We found that aperiodic activity increases by more than 40% on average following ECT. In patients who received MST treatment, aperiodic activity increases more modestly, by about 16%. After accounting for changes in aperiodic activity, we found that slow oscillations do not change much at all. In fact, slow oscillations were not even detected in some patients, and aperiodic activity dominated their EEG recordings instead.
How ECT treats depression
But what does aperiodic activity have to do with depression?
A long-standing theory of depression states that severely depressed patients have too few of a type of brain cell called inhibitory cells. These cells can turn other brain cells on and off, and maintaining the balance of these on and off states is critical for healthy brain function. This balance is particularly relevant for depression because the brain’s ability to turn cells off plays an important role in how it responds to stress, a function that, when not working properly, makes people particularly vulnerable to depression.
Using a mathematical model of cell type-based electrical activity, I linked increases in aperiodic activity, like those seen in the ECT patients, to a huge change in the activity of these inhibitory cells. This change in aperiodic activity may be restoring the crucial on and off balance in the brain to a healthy level.

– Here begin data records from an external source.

lemma has_derivative_sqrt_nth:
  "x \<in> chart_domain \<Longrightarrow>
     ((\<lambda>y. sqrt (y $ k)) has_derivative (\<lambda>h. h$k * (inverse (sqrt (x$k)) / 2))) (at x)"
  by (intro DERIV_compose_FDERIV[OF DERIV_real_sqrt] bounded_linear_imp_has_derivative
      bounded_linear_vec_nth chart_domain_nth_pos)

lemma has_derivative_sqrt_chart_None:
  fixes x :: "real^'m::finite"
  assumes x: "x \<in> chart_domain"
  shows "((\<lambda>y. sqrt (chart y $ None)) has_derivative
          (\<lambda>h. - (\<Sum>l\<in>UNIV. h$l) * (inverse (sqrt (chart x $ None)) / 2))) (at x)"
proof -
  have "((\<lambda>y::real^'m. 1 - (\<Sum>l\<in>UNIV. y$l)) has_derivative (\<lambda>h. 0 - (\<Sum>l\<in>UNIV. h$l))) (at x)"
    by (intro has_derivative_diff has_derivative_const has_derivative_sum
        bounded_linear_imp_has_derivative bounded_linear_vec_nth)
  from DERIV_compose_FDERIV[OF DERIV_real_sqrt this] show ?thesis
    using chart_pos[OF x, of None] by (simp add: chart_None)
qed

lemma inv_sqrt_prod_except_partial_self:
  assumes x: "x \<in> chart_domain"
  obtains D where "((\<lambda>y. inv_sqrt_prod_except y k j) has_derivative D) (at x)" and "D (axis k 1) = 0"
proof -
  let ?c = "\<lambda>i. - (inverse (sqrt (x$i)) ^ 2 * (inverse (sqrt (x$i)) / 2))"
  have "((\<lambda>y. inverse (sqrt (y$i))) has_derivative (\<lambda>h. h$i * ?c i)) (at x)" for i
    using chart_domain_nth_pos[OF x, of i]
    by (intro DERIV_compose_FDERIV bounded_linear_imp_has_derivative bounded_linear_vec_nth)
      (auto intro!: derivative_eq_intros simp: power2_eq_square)
  then have "((\<lambda>y. inv_sqrt_prod_except y k j) has_derivative
     (\<lambda>h. \<Sum>i\<in>UNIV-{k,j}. h$i * ?c i * (\<Prod>l\<in>UNIV-{k,j}-{i}. inverse (sqrt (x$l))))) (at x)"
    unfolding inv_sqrt_prod_except_def by (intro has_derivative_prod)
  moreover have "(\<Sum>i\<in>UNIV-{k,j}. axis k 1 $ i * ?c i * (\<Prod>l\<in>UNIV-{k,j}-{i}. inverse (sqrt (x$l)))) = 0"
    by (rule sum.neutral) (auto simp: axis_def)
  ultimately show ?thesis using that by blast
qed

lemma bivector_factor_has_derivative:
  fixes F :: "real^('m::finite option)^('m option)"
  assumes x: "x \<in> chart_domain"
  shows "((\<lambda>y. bivector_factor F y k j) has_derivative (\<lambda>h.
      (\<Sum>l\<in>UNIV. h$l) * (inverse (sqrt (chart x $ None)) / 2) * F$Some k$Some j
      + (F$None$Some j * (h$k * (inverse (sqrt (x$k)) / 2)) - F$None$Some k * (h$j * (inverse (sqrt (x$j)) / 2)))
          / (real CARD('m) - 1))) (at x)"
proof -
  have "((\<lambda>y. bivector_factor F y k j) has_derivative (\<lambda>h.
      - (- (\<Sum>l\<in>UNIV. h$l) * (inverse (sqrt (chart x $ None)) / 2)) * F$Some k$Some j
      + (F$None$Some j * (h$k * (inverse (sqrt (x$k)) / 2)) - F$None$Some k * (h$j * (inverse (sqrt (x$j)) / 2)))
          / (real CARD('m) - 1))) (at x)"
    unfolding bivector_factor_def
    by (intro has_derivative_add has_derivative_mult_left has_derivative_minus
        bounded_linear.has_derivative[OF bounded_linear_divide] has_derivative_diff has_derivative_mult_right
        has_derivative_sqrt_chart_None[OF x] has_derivative_sqrt_nth[OF x])
  then show ?thesis by simp
qed
(* Let $X$ be a nonnegative integer-valued random variable whose PGF $X(z)$ has radius of convergence $r>1$, mean $\mu=X'(1)>0$ and variance $\sigma^2=X''(1)-X'(1)^2+X'(1)>0$, such that $|X(z)|<X(r_1)$ whenever $|z|=r_1$, $z\ne r_1$, $r_1\in(0,r)$. For positive integers $n,s$ let $A(z)=X(z)^n$, $\mu_A=n\mu<s$, with degree of $X(z)$ larger than $s/n$. Suppose $\frac{n\mu}{s}=1-\frac{\gamma}{\sqrt s}$ with $\gamma$ bounded away from $0$ and $\infty$ as $s\to\infty$, let $a_0=\sqrt{2\mu}/\sigma$, $b_0=\frac{\gamma\sqrt\mu}{\sigma\sqrt2}$, and for integers $k$ with $k=o(s)$ let $Z_k$ denote the zero of $z^s-A(z)$ in $1<|z|<r$ satisfying $Z_k=1+\frac{a_0}{\sqrt s}\big(b_0+\sqrt{b_0^2-2\pi i k}\big)+O\big(\frac{1+|k|}{s}\big)$ (principal square root). Then, when $k=o(s)$, $$-\frac{s-\mu_A}{sZ_k^{s-1}-A'(Z_k)}=\frac{b_0}{\sqrt{b_0^2-2\pi i k}}\,\frac{1}{Z_k^{s-1}}\Big(1+O\Big(\frac{1+|k|}{\sqrt s}\Big)\Big),\qquad s\to\infty.$$
   Context: $O$-terms refer to $s\to\infty$ with constants independent of $s$ and $k$. *)

theory Defs
  imports "HOL-Probability.Probability_Mass_Function" "HOL-Library.Landau_Symbols"
begin

definition pgf :: "nat pmf \<Rightarrow> complex \<Rightarrow> complex" where
  "pgf P z = (\<Sum>j. complex_of_real (pmf P j) * z ^ j)"

definition pgf_radius :: "nat pmf \<Rightarrow> ereal" where
  "pgf_radius P = conv_radius (\<lambda>j. complex_of_real (pmf P j))"

text \<open>mu = X'(1), sigma^2 = X''(1) - X'(1)^2 + X'(1) (real parts; they are real).\<close>
definition pgf_mean :: "nat pmf \<Rightarrow> real" where
  "pgf_mean P = Re (deriv (pgf P) 1)"

definition pgf_var :: "nat pmf \<Rightarrow> real" where
  "pgf_var P = Re (deriv (deriv (pgf P)) 1) - (pgf_mean P)\<^sup>2 + pgf_mean P"

end

theory Submission
  imports Defs "HOL-Analysis.FPS_Convergence" "HOL-Complex_Analysis.Complex_Analysis"
begin

text \<open>At a root Z of z^s = X(z)^n the denominator factors as s Z^(s-1) - (X^n)'(Z) = -Z^(s-1) D with
  D = n Z X'(Z)/X(Z) - s. Near 1 the function z X'(z)/X(z) equals \<mu> + \<sigma>^2 (z - 1) + O((z - 1)^2).
  Substituting n \<mu> = s - \<gamma> sqrt s and the expansion of Z, the terms of order sqrt s cancel except
  \<kappa> sqrt s R, where R = sqrt (b0^2 - 2\<pi>ik) and \<kappa> = \<sigma> sqrt (2/\<mu>), and the rest is O(1 + |k|).
  Since |R| is of order sqrt (1 + |k|), the relative error of D against \<kappa> sqrt s R is
  O(sqrt ((1 + |k|)/s)), while the numerator is s - n \<mu> = \<gamma> sqrt s = \<kappa> b0 sqrt s.\<close>

definition pgf_fps :: "nat pmf \<Rightarrow> complex fps" where
  "pgf_fps P = Abs_fps (\<lambda>j. complex_of_real (pmf P j))"

definition pgf_deriv :: "nat pmf \<Rightarrow> complex \<Rightarrow> complex" where
  "pgf_deriv P = eval_fps (fps_deriv (pgf_fps P))"

lemma pgf_eq_eval_fps: "pgf P = eval_fps (pgf_fps P)"
  by (auto simp: pgf_def eval_fps_def pgf_fps_def fun_eq_iff)

lemma pgf_radius_eq_fps_conv_radius: "pgf_radius P = fps_conv_radius (pgf_fps P)"
  by (simp add: pgf_radius_def fps_conv_radius_def pgf_fps_def)

lemma pgf_1 [simp]: "pgf P 1 = 1"
proof -
  have "pmf P sums 1"
    using sums_infsetsum_nat'[OF pmf_abs_summable, of P] infsetsum_pmf_eq_1[of P UNIV] by simp
  hence "(\<lambda>j. complex_of_real (pmf P j)) sums 1"
    using sums_of_real by fastforce
  thus ?thesis by (simp add: pgf_def sums_iff)
qed

lemma has_field_derivative_pgf:
  "ereal (cmod z) < pgf_radius P \<Longrightarrow> (pgf P has_field_derivative pgf_deriv P z) (at z)"
  unfolding pgf_eq_eval_fps pgf_deriv_def pgf_radius_eq_fps_conv_radius
  by (rule has_field_derivative_eval_fps)

lemma Im_eval_fps_of_real:
  fixes F :: "complex fps"
  assumes "\<And>j. Im (fps_nth F j) = 0" and "ereal \<bar>x\<bar> < fps_conv_radius F"
  shows "Im (eval_fps F (of_real x)) = 0"
proof -
  have "summable (\<lambda>j. fps_nth F j * of_real x ^ j)"
    using assms(2) unfolding fps_conv_radius_def by (intro summable_in_conv_radius) simp
  hence "(\<lambda>j. Im (fps_nth F j * of_real x ^ j)) sums Im (eval_fps F (of_real x))"
    by (intro sums_Im) (simp add: eval_fps_def summable_sums)
  moreover have "Im (fps_nth F j * of_real x ^ j) = 0" for j
    using assms(1) by (simp flip: of_real_power)
  ultimately have "(\<lambda>j. 0) sums Im (eval_fps F (of_real x))"
    by (simp only:)
  thus ?thesis
    by (simp add: sums_iff)
qed

lemma pgf_deriv_1:
  assumes "pgf_radius P > 1"
  shows "pgf_deriv P 1 = of_real (pgf_mean P)"
proof -
  have "Im (pgf_deriv P 1) = 0"
    using Im_eval_fps_of_real[of "fps_deriv (pgf_fps P)" 1] fps_conv_radius_deriv[of "pgf_fps P"] assms
    by (auto simp: pgf_deriv_def fps_deriv_nth pgf_fps_def pgf_radius_eq_fps_conv_radius one_ereal_def)
  moreover have "deriv (pgf P) 1 = pgf_deriv P 1"
    using assms by (intro DERIV_imp_deriv has_field_derivative_pgf) (simp add: one_ereal_def)
  ultimately show ?thesis
    by (simp add: pgf_mean_def complex_eq_iff)
qed

lemma deriv_pgf_deriv_1:
  assumes "pgf_radius P > 1"
  shows "deriv (pgf_deriv P) 1 = of_real (pgf_var P + (pgf_mean P)\<^sup>2 - pgf_mean P)"
proof -
  let ?F2 = "fps_deriv (fps_deriv (pgf_fps P))"
  have rad1: "fps_conv_radius (fps_deriv (pgf_fps P)) > 1"
    using assms fps_conv_radius_deriv[of "pgf_fps P"] by (simp add: pgf_radius_eq_fps_conv_radius)
  have rad: "fps_conv_radius ?F2 > 1"
    using rad1 fps_conv_radius_deriv[of "fps_deriv (pgf_fps P)"] by simp
  have "deriv (pgf_deriv P) 1 = eval_fps ?F2 1"
    using rad1 unfolding pgf_deriv_def
    by (intro DERIV_imp_deriv has_field_derivative_eval_fps) (simp add: one_ereal_def)
  moreover have "Im (eval_fps ?F2 1) = 0"
    using Im_eval_fps_of_real[of ?F2 1] rad by (auto simp: fps_deriv_nth pgf_fps_def one_ereal_def)
  moreover have "eventually (\<lambda>z. deriv (pgf P) z = pgf_deriv P z) (nhds 1)"
  proof -
    have "eventually (\<lambda>z. z \<in> eball 0 (pgf_radius P)) (nhds (1::complex))"
      using assms by (intro eventually_nhds_in_open) (auto simp: one_ereal_def)
    thus ?thesis
      by eventually_elim (auto intro: DERIV_imp_deriv has_field_derivative_pgf)
  qed
  hence "deriv (deriv (pgf P)) 1 = deriv (pgf_deriv P) 1"
    by (rule deriv_cong_ev) simp
  ultimately show ?thesis
    using pgf_deriv_1[OF assms] by (simp add: pgf_var_def complex_eq_iff)
qed
(* For j = n + 1 the last summand vanishes: P0 is 0 outside its index range. *)
lemma vinner_P0_columns:
  assumes "1 \<le> j" "j \<le> k" "k \<le> n + 1"
  shows "vinner n (dcol n j) (dcol n k)
       = (\<Sum>r=1..<j. simplex_offdiag n r ^ 2) + P0 n j j * P0 n j k"
proof -
  have "vinner n (dcol n j) (dcol n k) = (\<Sum>r=1..Suc n. P0 n r j * P0 n r k)"
    by (simp add: vinner_def dcol_def P0_last_row_eq_0)
  also have "\<dots> = (\<Sum>r=1..j. P0 n r j * P0 n r k)"
    by (rule sum.mono_neutral_right) (use assms in \<open>auto simp: P0_eq_0_below\<close>)
  also have "\<dots> = (\<Sum>r=1..<j. P0 n r j * P0 n r k) + P0 n j j * P0 n j k"
    using assms by (simp add: atLeastLessThanSuc_atLeastAtMost[symmetric] sum.atLeastLessThan_Suc)
  also have "(\<Sum>r=1..<j. P0 n r j * P0 n r k) = (\<Sum>r=1..<j. simplex_offdiag n r ^ 2)"
    by (rule sum.cong) (use assms in \<open>auto simp: P0_eq power2_eq_square\<close>)
  finally show ?thesis .
qed

lemma P0_gram:
  assumes "1 \<le> n" "j \<in> {1..n+1}" "k \<in> {1..n+1}"
  shows "vinner n (dcol n j) (dcol n k) = (if j = k then 1 else - 1 / real n)"
proof -
  have n: "real n > 0" using assms(1) by simp
  have sum_to_one: "(real n + 1) / real n * (1 - 1 / (real n + 1)) = 1"
    using n by (simp add: divide_simps)
  have diag: "vinner n (dcol n j) (dcol n j) = 1" if "j \<in> {1..n+1}" for j
  proof (cases "j = n + 1")
    case True
    then show ?thesis
      using vinner_P0_columns[of j j n] sum_simplex_offdiag_sq[of j n] sum_to_one
      by (simp add: P0_last_row_eq_0)
  next
    case False
    then have j: "1 \<le> j" "j \<le> n" using that by auto
    have "vinner n (dcol n j) (dcol n j) = (\<Sum>r=1..<j. simplex_offdiag n r ^ 2) + simplex_a n j ^ 2"
      using vinner_P0_columns[of j j n] j by (simp add: P0_eq power2_eq_square)
    also have "\<dots> = (real n + 1) / real n * (1 - 1 / (real n + 1))"
      using j by (simp only: sum_simplex_offdiag_sq simplex_a_sq) (simp add: algebra_simps)
    finally show ?thesis using sum_to_one by simp
  qed
  have off: "vinner n (dcol n j) (dcol n k) = - 1 / real n"
    if "j \<in> {1..n+1}" "k \<in> {1..n+1}" "j < k" for j k
  proof -
    have j: "1 \<le> j" "j \<le> n" using that by auto
    have "vinner n (dcol n j) (dcol n k)
        = (\<Sum>r=1..<j. simplex_offdiag n r ^ 2) - simplex_a n j * simplex_offdiag n j"
      using vinner_P0_columns[of j k n] that by (simp add: P0_eq)
    also have "\<dots> = - ((real n + 1) / real n * (1 / (real n + 1)))"
      using j by (simp only: sum_simplex_offdiag_sq simplex_a_mult_offdiag) (simp add: algebra_simps)
    finally show ?thesis using n by (simp add: divide_simps)
  qed
  show ?thesis
  proof (cases j k rule: linorder_cases)
    case greater
    then show ?thesis using off[of k j] assms by (simp add: vinner_commute)
  qed (use diag[of j] off[of j k] assms in simp_all)
qed

lemma dcol_first_row:
  assumes "2 \<le> j" "j \<le> n + 1"
  shows "dcol n j 1 = - 1 / real n"
proof -
  have "simplex_a n 1 = 1"
    using assms unfolding simplex_a_def by simp
  then show ?thesis
    using assms by (simp add: dcol_def P0_eq simplex_offdiag_def)
qed

lemma sum_mult_e1: "1 \<le> n \<Longrightarrow> (\<Sum>r=1..n. x r * e1 r) = x 1"
  unfolding e1_def by (simp add: if_distrib cong: if_cong)

lemma vinner_shift_e1:
  assumes "1 \<le> n"
  shows "vinner n (\<lambda>r. x r + d * e1 r) (\<lambda>r. y r + d * e1 r) = vinner n x y + d * (x 1 + y 1) + d\<^sup>2"
proof -
  have "vinner n (\<lambda>r. x r + d * e1 r) (\<lambda>r. y r + d * e1 r)
      = (\<Sum>r=1..n. x r * y r + d * (x r * e1 r) + d * (y r * e1 r) + d\<^sup>2 * e1 r)"
    unfolding vinner_def by (rule sum.cong) (auto simp: e1_def power2_eq_square algebra_simps)
  also have "\<dots> = vinner n x y + d * x 1 + d * y 1 + d\<^sup>2 * 1"
    using sum_mult_e1[OF assms, of "\<lambda>_. 1"]
    by (simp only: sum.distrib sum_distrib_left[symmetric] sum_mult_e1[OF assms] vinner_def mult_1)
  finally show ?thesis by (simp add: algebra_simps)
qed

lemma vinner_scale: "vinner n (\<lambda>r. s * x r) (\<lambda>r. s * y r) = s\<^sup>2 * vinner n x y"
  unfolding vinner_def by (simp add: sum_distrib_left power2_eq_square algebra_simps)

lemma vinner_shifted_columns:
  assumes "j \<in> {2..n+1}" "k \<in> {2..n+1}"
  shows "vinner n (\<lambda>r. dcol n j r + \<delta> * e1 r) (\<lambda>r. dcol n k r + \<delta> * e1 r)
       = (if j = k then 1 else - 1 / real n) - 2 * \<delta> / real n + \<delta>\<^sup>2"
  using assms vinner_shift_e1[of n "dcol n j" \<delta> "dcol n k"] P0_gram[of n j k]
    dcol_first_row[of j n] dcol_first_row[of k n]
  by auto

lemma simplex_alpha_eq:
  assumes "n > 0"
  shows "simplex_alpha n \<delta> = 1 / sqrt (1 - 2 * \<delta> / real n + \<delta>\<^sup>2)"
proof -
  have "real n ^ 2 * \<delta> ^ 2 - 2 * real n * \<delta> + real n ^ 2 = real n ^ 2 * (1 - 2 * \<delta> / real n + \<delta>\<^sup>2)"
    using assms by (simp add: field_simps power2_eq_square)
  then show ?thesis
    using assms by (simp add: simplex_alpha_def real_sqrt_mult)
qed

lemma simplex_alpha_sq:
  assumes "n \<ge> 1"
  shows "simplex_alpha n \<delta> ^ 2 = real n / (real n * \<delta>\<^sup>2 - 2 * \<delta> + real n)"
proof -
  define R where "R = real n ^ 2 * \<delta> ^ 2 - 2 * real n * \<delta> + real n ^ 2"
  have "R = (real n * \<delta> - 1)\<^sup>2 + (real n ^ 2 - 1)"
    by (simp add: R_def power2_eq_square algebra_simps)
  moreover have "(real n * \<delta> - 1)\<^sup>2 \<ge> 0" "real n ^ 2 \<ge> 1"
    using assms by simp_all
  ultimately have "R \<ge> 0"
    by linarith
  then have "simplex_alpha n \<delta> ^ 2 = real n ^ 2 / R"
    by (simp add: simplex_alpha_def R_def power_divide)
  also have "R = real n * (real n * \<delta>\<^sup>2 - 2 * \<delta> + real n)"
    by (simp add: R_def power2_eq_square algebra_simps)
  finally show ?thesis
    using assms by (simp add: power2_eq_square)
qed

lemma simplex_beta_bounds:
  fixes N \<delta> :: real
  assumes "N \<ge> 2" "0 \<le> \<delta>" "\<delta> * N < 1"
  defines "\<beta> \<equiv> (N * \<delta>\<^sup>2 - 2 * \<delta> - 1) / (N * \<delta>\<^sup>2 - 2 * \<delta> + N)"
  shows "\<beta> \<le> - 1 / N" "1 + \<beta> * N / (1 - \<beta>) > 0"
proof -
  define D where "D = N * \<delta>\<^sup>2 - 2 * \<delta>"
  have "D = \<delta> * (N * \<delta> - 2)"
    by (simp add: D_def power2_eq_square algebra_simps)
  moreover have "N * \<delta> - 2 \<le> 0"
    using assms(3) by (simp add: mult.commute)
  ultimately have D_nonpos: "D \<le> 0"
    using assms(2) by (simp add: mult_nonneg_nonpos)
  have "1 + N * D = (N * \<delta> - 1)\<^sup>2"
    by (simp add: D_def power2_eq_square algebra_simps)
  then have ND_pos: "1 + N * D > 0"
    using assms(3) by (simp add: mult.commute)
  have "N * N \<ge> 2 * 2"
    using assms(1) by (intro mult_mono) auto
  then have "N * (D + N) > 0"
    using ND_pos by (simp add: distrib_left)
  then have DN_pos: "D + N > 0"
    using assms(1) by (simp add: zero_less_mult_iff)
  have \<beta>_eq: "\<beta> = (D - 1) / (D + N)"
    by (simp add: \<beta>_def D_def)
  have "D * (N + 1) \<le> 0"
    using D_nonpos assms(1) by (simp add: mult_nonpos_nonneg)
  then show "\<beta> \<le> - 1 / N"
    using DN_pos assms(1) by (simp add: \<beta>_eq divide_simps algebra_simps)
  have "1 + \<beta> * N / (1 - \<beta>) = (1 + N * D) / (N + 1)"
    using DN_pos assms(1) by (simp add: \<beta>_eq divide_simps) (simp add: algebra_simps)
  then show "1 + \<beta> * N / (1 - \<beta>) > 0"
    using ND_pos assms(1) by simp
qed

Even though scientists have been recording EEGs from ECT patients for decades, this is the first time that brain waves have been connected to this particular brain malfunction.
Altogether, though our sample size is relatively small, our findings indicate that ECT and MST likely treat depression by resetting aperiodic activity and restoring the function of inhibitory brain cells. Further study can help destigmatize ECT and highlight new directions for the research and development of depression treatments. Listening to the nonmusical background noise of the brain could help solve other mysteries, like how the brain changes in aging and in illnesses like schizophrenia and epilepsy.